Сын помещика 2 (страница 8)
– Да хоть бы и с Валентиной, раз уж тебе Кристина не по нраву, – пожал плечами папа.
– А если позже гораздо лучше партия подвернется?
– И где ты ее найдешь? – хмыкнул отец, откинувшись обратно на спинку кресла.
– В Дубовке. В Царицыне. Россия большая, – пожал я плечами.
– И покинешь отчий дом?
– Зачем? Это же жена в дом мужа переезжает, а не наоборот.
– Да я не о том, – отмахнулся отец, – чтобы там их найти, невест этих, надобно отсюда уехать. И для чего? Что ты там забыл?
– Так мне все одно придется для написания портретов в дома заказчиков ездить, – парировал я. – А кто такие портреты будет заказывать, как не дворяне, да купцы видные?
– Хмм, – задумался отец, – о том я не подумал. Ладно, даю тебе год. Ежели не найдешь себе за это время невесту, потом я сам за твое сватовство возьмусь.

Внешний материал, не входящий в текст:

(* Let $\mathsf{C},\mathsf{E}$ be finite-dimensional Hilbert spaces and $\mathsf{A}\cong\mathsf{A}'$ finite-dimensional with $d=\dim\mathsf{A}$. For every operator $Y\in\mathcal{B}(\mathsf{A}'\otimes\mathsf{C}\otimes\mathsf{A}\otimes\mathsf{E})$, \[ \mathbf{E}_{U\sim\mathds{U}(\mathsf{A})}\|\Theta(Y)(U)\|_1\le\|Y\|_1,\qquad \mathbf{E}_{U\sim\mathds{U}(\mathsf{A})}\Big\|\Theta(Y)(U)-\mathbf{E}_{V\sim\mathds{U}(\mathsf{A})}\Theta(Y)(V)\Big\|_1\le 2\|Y\|_1 . \]
   Context: $|\Phi\rangle=d^{-1/2}\sum_i|i\rangle_{A'}|i\rangle_A$. $\Theta(Y)(U)=d^2\,(\langle\Phi|_{A'A}\otimes\mathds{1}_{CE})\,U_AYU_A^\dagger\,(|\Phi\rangle_{A'A}\otimes\mathds{1}_{CE})\in\mathcal{B}(\mathsf{C}\otimes\mathsf{E})$ for $U$ in the unitary group $\mathds{U}(\mathsf{A})$, $U_A$ acting on $\mathsf{A}$ only. $\mathbf{E}$ denotes Haar average. $\|\cdot\|_1$ is the trace norm. *)

theory Defs
  imports "HOL-Probability.Probability"
begin

text \<open>Finite-dimensional Hilbert spaces are modelled by finite index types:
  A (and A' identified with A via the fixed basis used in Phi) by 'a, C by 'c, E by 'e.
  Operators are complex matrices complex^'n^'m (rows indexed by 'm).\<close>

definition adj :: "complex^'n^'m \<Rightarrow> complex^'m^'n" where
  "adj M = (\<chi> i j. cnj (M $ j $ i))"

definition unitary :: "complex^'n^'n \<Rightarrow> bool" where
  "unitary U \<longleftrightarrow> U ** adj U = mat 1 \<and> adj U ** U = mat 1"

definition psd :: "complex^'n^'n \<Rightarrow> bool" where
  "psd P \<longleftrightarrow> (\<forall>x::complex^'n.
      Im (\<Sum>i\<in>UNIV. cnj (x $ i) * (P *v x) $ i) = 0 \<and>
      Re (\<Sum>i\<in>UNIV. cnj (x $ i) * (P *v x) $ i) \<ge> 0)"

definition mat_abs :: "complex^'n^'m \<Rightarrow> complex^'n^'n" where
  "mat_abs Z = (THE P. psd P \<and> P ** P = adj Z ** Z)"

definition trace_norm :: "complex^'n^'m \<Rightarrow> real" where
  "trace_norm Z = Re (trace (mat_abs Z))"

definition is_haar :: "(complex^'a^'a) measure \<Rightarrow> bool" where
  "is_haar \<mu> \<longleftrightarrow> prob_space \<mu> \<and> sets \<mu> = sets borel \<and>
     emeasure \<mu> {U. unitary U} = 1 \<and>
     (\<forall>V. unitary V \<longrightarrow> distr \<mu> borel (\<lambda>U. V ** U) = \<mu>)"

text \<open>U_A = 1_{A'} (x) 1_C (x) U (x) 1_E on A' (x) C (x) A (x) E.\<close>
definition embedA :: "complex^'a::finite^'a \<Rightarrow> complex^('a \<times> 'c::finite \<times> 'a \<times> 'e::finite)^('a \<times> 'c \<times> 'a \<times> 'e)" where
  "embedA U = (\<chi> i j. case i of (a', c, a, e) \<Rightarrow> case j of (b', c2, b, e2) \<Rightarrow>
      if a' = b' \<and> c = c2 \<and> e = e2 then U $ a $ b else 0)"

text \<open>|Phi>_{A'A} (x) 1_{CE}, with |Phi> = d^{-1/2} sum_i |i>_{A'} |i>_A.\<close>
definition phi_iso :: "complex^('c::finite \<times> 'e::finite)^('a::finite \<times> 'c \<times> 'a \<times> 'e)" where
  "phi_iso = (\<chi> i j. case i of (a', c, a, e) \<Rightarrow> case j of (c2, e2) \<Rightarrow>
      if a' = a \<and> c = c2 \<and> e = e2 then complex_of_real (1 / sqrt (real CARD('a))) else 0)"

definition Theta :: "complex^('a::finite \<times> 'c::finite \<times> 'a \<times> 'e::finite)^('a \<times> 'c \<times> 'a \<times> 'e) \<Rightarrow> complex^'a^'a
                      \<Rightarrow> complex^('c \<times> 'e)^('c \<times> 'e)" where
  "Theta Y U = (real CARD('a))^2 *\<^sub>R
      (adj (phi_iso :: complex^('c \<times> 'e)^('a \<times> 'c \<times> 'a \<times> 'e)) ** (embedA U ** Y ** adj (embedA U)) ** phi_iso)"

end

theory Submission
  imports Defs
begin

text \<open>Choose an orthonormal basis \<open>g\<close> of eigenvectors of \<open>Y\<^sup>* Y\<close>, so that
  \<open>\<parallel>Y\<parallel>\<^sub>1 = \<Sum>\<^sub>j \<parallel>Y g\<^sub>j\<parallel>\<close> and \<open>Y = \<Sum>\<^sub>j |Y g\<^sub>j\<rangle>\<langle>g\<^sub>j|\<close>. Then
  \<open>\<Theta>(Y)(U) = d\<^sup>2 \<Sum>\<^sub>j |\<phi>\<^sub>U(Y g\<^sub>j)\<rangle>\<langle>\<phi>\<^sub>U(g\<^sub>j)|\<close> with \<open>\<phi>\<^sub>U w = (\<langle>\<Phi>| \<otimes> 1) U\<^sub>A w\<close>, so
  \<open>\<parallel>\<Theta>(Y)(U)\<parallel>\<^sub>1 \<le> d\<^sup>2 \<Sum>\<^sub>j \<parallel>\<phi>\<^sub>U(Y g\<^sub>j)\<parallel> \<parallel>\<phi>\<^sub>U(g\<^sub>j)\<parallel>\<close>. The Haar second moments
  \<open>E[U\<^sub>a\<^sub>b cnj(U\<^sub>a\<^sub>'\<^sub>b\<^sub>')] = \<delta>\<^sub>a\<^sub>a\<^sub>' \<delta>\<^sub>b\<^sub>b\<^sub>' / d\<close> give \<open>E \<parallel>\<phi>\<^sub>U w\<parallel>\<^sup>2 = \<parallel>w\<parallel>\<^sup>2 / d\<^sup>2\<close>, so by
  Cauchy--Schwarz this bound has mean at most \<open>\<Sum>\<^sub>j \<parallel>Y g\<^sub>j\<parallel> = \<parallel>Y\<parallel>\<^sub>1\<close>. The second inequality
  follows from the triangle inequality and \<open>\<parallel>E \<Theta>\<parallel>\<^sub>1 \<le> E \<parallel>\<Theta>\<parallel>\<^sub>1\<close>, both consequences of the
  variational formula \<open>\<parallel>Z\<parallel>\<^sub>1 = max Re \<Sum>\<^sub>i \<langle>f\<^sub>i, Z e\<^sub>i\<rangle>\<close> over orthonormal bases \<open>e\<close> and
  pairwise orthogonal families \<open>f\<close> of vectors of norm at most one.\<close>

definition hinner :: "complex^'n \<Rightarrow> complex^'n \<Rightarrow> complex" where
  "hinner x y = (\<Sum>i\<in>UNIV. cnj (x $ i) * y $ i)"

lemma hinner_add_left: "hinner (x + y) z = hinner x z + hinner y z"
  by (simp add: hinner_def distrib_right sum.distrib)

lemma hinner_add_right: "hinner x (y + z) = hinner x y + hinner x z"
  by (simp add: hinner_def distrib_left sum.distrib)

lemma hinner_diff_left: "hinner (x - y) z = hinner x z - hinner y z"
  by (simp add: hinner_def left_diff_distrib sum_subtractf)

lemma hinner_diff_right: "hinner x (y - z) = hinner x y - hinner x z"
  by (simp add: hinner_def right_diff_distrib sum_subtractf)

lemma hinner_minus_left: "hinner (- x) y = - hinner x y"
  by (simp add: hinner_def sum_negf)

lemma hinner_scale_left: "hinner (c *s x) y = cnj c * hinner x y"
  by (simp add: hinner_def sum_distrib_left algebra_simps)

lemma hinner_scale_right: "hinner x (c *s y) = c * hinner x y"
  by (simp add: hinner_def sum_distrib_left algebra_simps)

lemma hinner_zero_left [simp]: "hinner 0 x = 0"
  by (simp add: hinner_def)

lemma hinner_zero_right [simp]: "hinner x 0 = 0"
  by (simp add: hinner_def)

lemma hinner_sum_left: "hinner (\<Sum>k\<in>K. f k) y = (\<Sum>k\<in>K. hinner (f k) y)"
  by (induction K rule: infinite_finite_induct) (auto simp: hinner_add_left)

lemma hinner_sum_right: "hinner x (\<Sum>k\<in>K. f k) = (\<Sum>k\<in>K. hinner x (f k))"
  by (induction K rule: infinite_finite_induct) (auto simp: hinner_add_right)

lemma cnj_hinner: "cnj (hinner x y) = hinner y x"
  by (simp add: hinner_def mult.commute)

lemma mult_cnj_self: "z * cnj z = (complex_of_real (cmod z))\<^sup>2"
  by (metis complex_norm_square of_real_power)

lemma cnj_mult_self: "cnj z * z = (complex_of_real (cmod z))\<^sup>2"
  by (metis mult_cnj_self mult.commute)

lemma hinner_self: "hinner x x = complex_of_real ((norm x)\<^sup>2)"
proof -
  have "hinner x x = (\<Sum>i\<in>UNIV. complex_of_real ((cmod (x $ i))\<^sup>2))"
    unfolding hinner_def by (rule sum.cong) (auto simp: complex_norm_square[symmetric] mult.commute)
  also have "\<dots> = complex_of_real ((norm x)\<^sup>2)"
    by (simp add: norm_vec_def L2_set_def sum_nonneg)
  finally show ?thesis .
qed

lemma scaleR_eq_vector_scalar_mult: "r *\<^sub>R (x::complex^'n) = complex_of_real r *s x"
  by (simp add: vec_eq_iff complex_eq_iff)

lemma hinner_scaleR_left: "hinner (r *\<^sub>R x) y = complex_of_real r * hinner x y"
  by (simp add: scaleR_eq_vector_scalar_mult hinner_scale_left)

lemma hinner_scaleR_right: "hinner x (r *\<^sub>R y) = complex_of_real r * hinner x y"
  by (simp add: scaleR_eq_vector_scalar_mult hinner_scale_right)

lemma matrix_vector_mult_scaleR: "(M::complex^'n^'m) *v (r *\<^sub>R x) = r *\<^sub>R (M *v x)"
  by (simp add: scaleR_eq_vector_scalar_mult vector_scalar_commute)

lemma scaleR_matrix_vector_mult: "((r::real) *\<^sub>R (M::complex^'n^'m)) *v x = r *\<^sub>R (M *v x)"
  by (simp add: vec_eq_iff matrix_vector_mult_def scaleR_sum_right)

lemma adj_nth [simp]: "adj M $ i $ j = cnj (M $ j $ i)"
  by (simp add: adj_def)

lemma adj_adj [simp]: "adj (adj M) = M"
  by (simp add: adj_def vec_eq_iff)

lemma hinner_adj_left: "hinner (adj M *v x) y = hinner x (M *v y)"
proof -
  have "hinner (adj M *v x) y = (\<Sum>i\<in>UNIV. \<Sum>j\<in>UNIV. M $ j $ i * cnj (x $ j) * y $ i)"
    unfolding hinner_def matrix_vector_mult_def
    by (auto simp: sum_distrib_right sum_distrib_left mult_ac intro!: sum.cong)
  also have "\<dots> = (\<Sum>j\<in>UNIV. \<Sum>i\<in>UNIV. M $ j $ i * cnj (x $ j) * y $ i)"
    by (rule sum.swap)
  also have "\<dots> = hinner x (M *v y)"
    unfolding hinner_def matrix_vector_mult_def by (simp add: sum_distrib_left mult_ac)
  finally show ?thesis .
qed

lemma hinner_adj_right: "hinner x (adj M *v y) = hinner (M *v x) y"
  by (metis cnj_hinner hinner_adj_left)

section \<open>Spectral theorem for Hermitian matrices\<close>

definition hermitian :: "complex^'n^'n \<Rightarrow> bool" where
  "hermitian H \<longleftrightarrow> (\<forall>x y. hinner x (H *v y) = hinner (H *v x) y)"

lemma psdD: "psd P \<Longrightarrow> Im (hinner x (P *v x)) = 0 \<and> Re (hinner x (P *v x)) \<ge> 0"
  unfolding psd_def hinner_def by blast

lemma psd_imp_hermitian:
  fixes P :: "complex^'n^'n"
  assumes "psd P"
  shows "hermitian P"
  unfolding hermitian_def
proof (intro allI)
  fix x y :: "complex^'n"
  define B :: "complex^'n \<Rightarrow> complex^'n \<Rightarrow> complex" where "B u v = hinner u (P *v v)" for u v
  have real: "Im (B u u) = 0" for u
    using psdD[OF assms] unfolding B_def by blast
  have sum: "B (x + y) (x + y) = B x x + B y y + B x y + B y x"
    unfolding B_def by (simp add: hinner_add_left hinner_add_right matrix_vector_right_distrib)
  have sum_i: "B (x + \<i> *s y) (x + \<i> *s y) = B x x + B y y + \<i> * B x y - \<i> * B y x"
    unfolding B_def by (simp add: hinner_add_left hinner_add_right matrix_vector_right_distrib
        vector_scalar_commute hinner_scale_left hinner_scale_right algebra_simps)
  have Im: "Im (B x y + B y x) = 0"
    using real[of "x + y"] real[of x] real[of y] sum by simp
  have Re: "Re (B x y - B y x) = 0"
    using real[of "x + \<i> *s y"] real[of x] real[of y] sum_i by (simp add: algebra_simps)
  have "B x y = cnj (B y x)"
    using Im Re by (simp add: complex_eq_iff)
  then show "hinner x (P *v y) = hinner (P *v x) y"
    unfolding B_def by (simp add: cnj_hinner)
qed

lemma hermitian_quadratic_real:
  assumes "hermitian H"
  shows "Im (hinner x (H *v x)) = 0"
proof -
  have "hinner x (H *v x) = cnj (hinner x (H *v x))"
    using assms unfolding hermitian_def by (metis cnj_hinner)
  then show ?thesis
    by (metis cnj.simps(2) neg_equal_zero)
qed

lemma hermitian_adj_mult_self: "hermitian (adj Z ** Z)"
  unfolding hermitian_def by (metis hinner_adj_left hinner_adj_right matrix_vector_mul_assoc)

lemma exists_nonzero_orthogonal:
  fixes e :: "'n::finite \<Rightarrow> complex^'n"
  assumes "I \<noteq> UNIV"
  shows "\<exists>x. x \<noteq> 0 \<and> (\<forall>j\<in>I. hinner (e j) x = 0)"
proof (rule ccontr)
  assume none: "\<not> ?thesis"
  define F :: "complex^'n^'n" where "F = (\<chi> j k. if j \<in> I then cnj (e j $ k) else 0)"
  have F_apply: "(F *v x) $ j = (if j \<in> I then hinner (e j) x else 0)" for x j
    unfolding F_def matrix_vector_mult_def hinner_def by simp
  have "F *v x = 0 \<Longrightarrow> x = 0" for x
    using none by (metis F_apply zero_index)
  then obtain B where "B ** F = mat 1"
    using matrix_left_invertible_ker(1) by blast
  then have FB: "F ** B = mat 1"
    using matrix_left_right_inverse by blast
  obtain i where "i \<notin> I"
    using assms by blast
  then have "(F ** B) $ i $ i = 0"
    unfolding matrix_matrix_mult_def F_def by simp
  then show False
    using FB by (simp add: mat_def)
qed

– Чего ты так торопишь меня? Сам чай не в шестнадцать лет женился.
– Так я про женитьбу и не говорю. Про помолвку лишь.
– И ее легко расторгнуть, если нужно?
Отец нахмурился. Затем встал из-за стола и подошел к окну.
– Тревожит меня твое поведение, – ответил он, не глядя на меня. – Опосля того, как господь памяти тебя лишил, изменился ты, Рома. Сильно. Раньше – слушался и слова поперек не давал. А сейчас…
Откровения отца задели меня. Я-то уж думал, что он принял меня и забыл о потере мной памяти. Зря, как оказывается. Беспокоит это его. Так еще и мне по больному бьет! Я сам стараюсь о прошлой жизни не думать. Иначе на стенку полезу от мыслей тревожных. За маму в первую очередь, что там – в будущем – осталась.
– Если я не буду свое мнение иметь, то разве стану хорошим хозяином после тебя? Разве ты во всем деда слушался?
Помолчав, отец нехотя кивнул.
– Твоя правда. Ладно, оставим пока этот разговор. Вон, уже и Еремей идет.
Староста деревни зашел в кабинет через пять минут. Глубоко поклонился сначала отцу, затем уже не так низко и мне, после чего с выжиданием остался стоять.
– Мне конюх нужен, – без предисловий начал отец. – Но чтоб не как Аким. Бабам под юбки не лез, в спиртном меру знал, да умел язык на замке держать. Ну и за лошадьми уход держал достойный. Есть в деревне такие?
– Есть, как не быть барин. Да взять хотя бы моего второго сына – Митрофана. И за юбками не волочится, жинку давно уж имеет, и хмельное пьет лишь по праздникам и в меру, да и лошадей у нашей деревни всех обихаживает. Роды у них, опять же, без Митрофана не обходятся. Коли надо помочь лошадке ожеребиться – сразу его зовут! Рука у него в этом деле легкая, барин.
– И ты мне предлагаешь своего сына? – усмехнулся отец. – Такого справного, что тебе самому надобен должен быть. И от жинки его отрываешь. Еще небось он и деток имеет?
– Как же не быть. Двое у него, – кивнул Еремей.
– Вот. Без кормильца собственных внуков оставить хочешь? За что ты так на него взъелся-то?
– Да как можно, барин? – упал на колени староста. – Люблю я его, души не чаю!
– Ну и зачем тогда мне отдать хочешь в конюхи? За хозяйством следить он не сможет. С жинкой и детками меньше видеться будет. И платить я ему буду месячину, с которой ему оброк еще придется отстегивать. Так за что ты ему такую долю пророчишь?
Я слушал отца и понимал, что мне бы и в голову не пришло обо всех этих тонкостях спросить. Даже не представляю, насколько может сказаться на семье крестьянина потеря мужика. А отец – сразу просек, что что-то нечисто.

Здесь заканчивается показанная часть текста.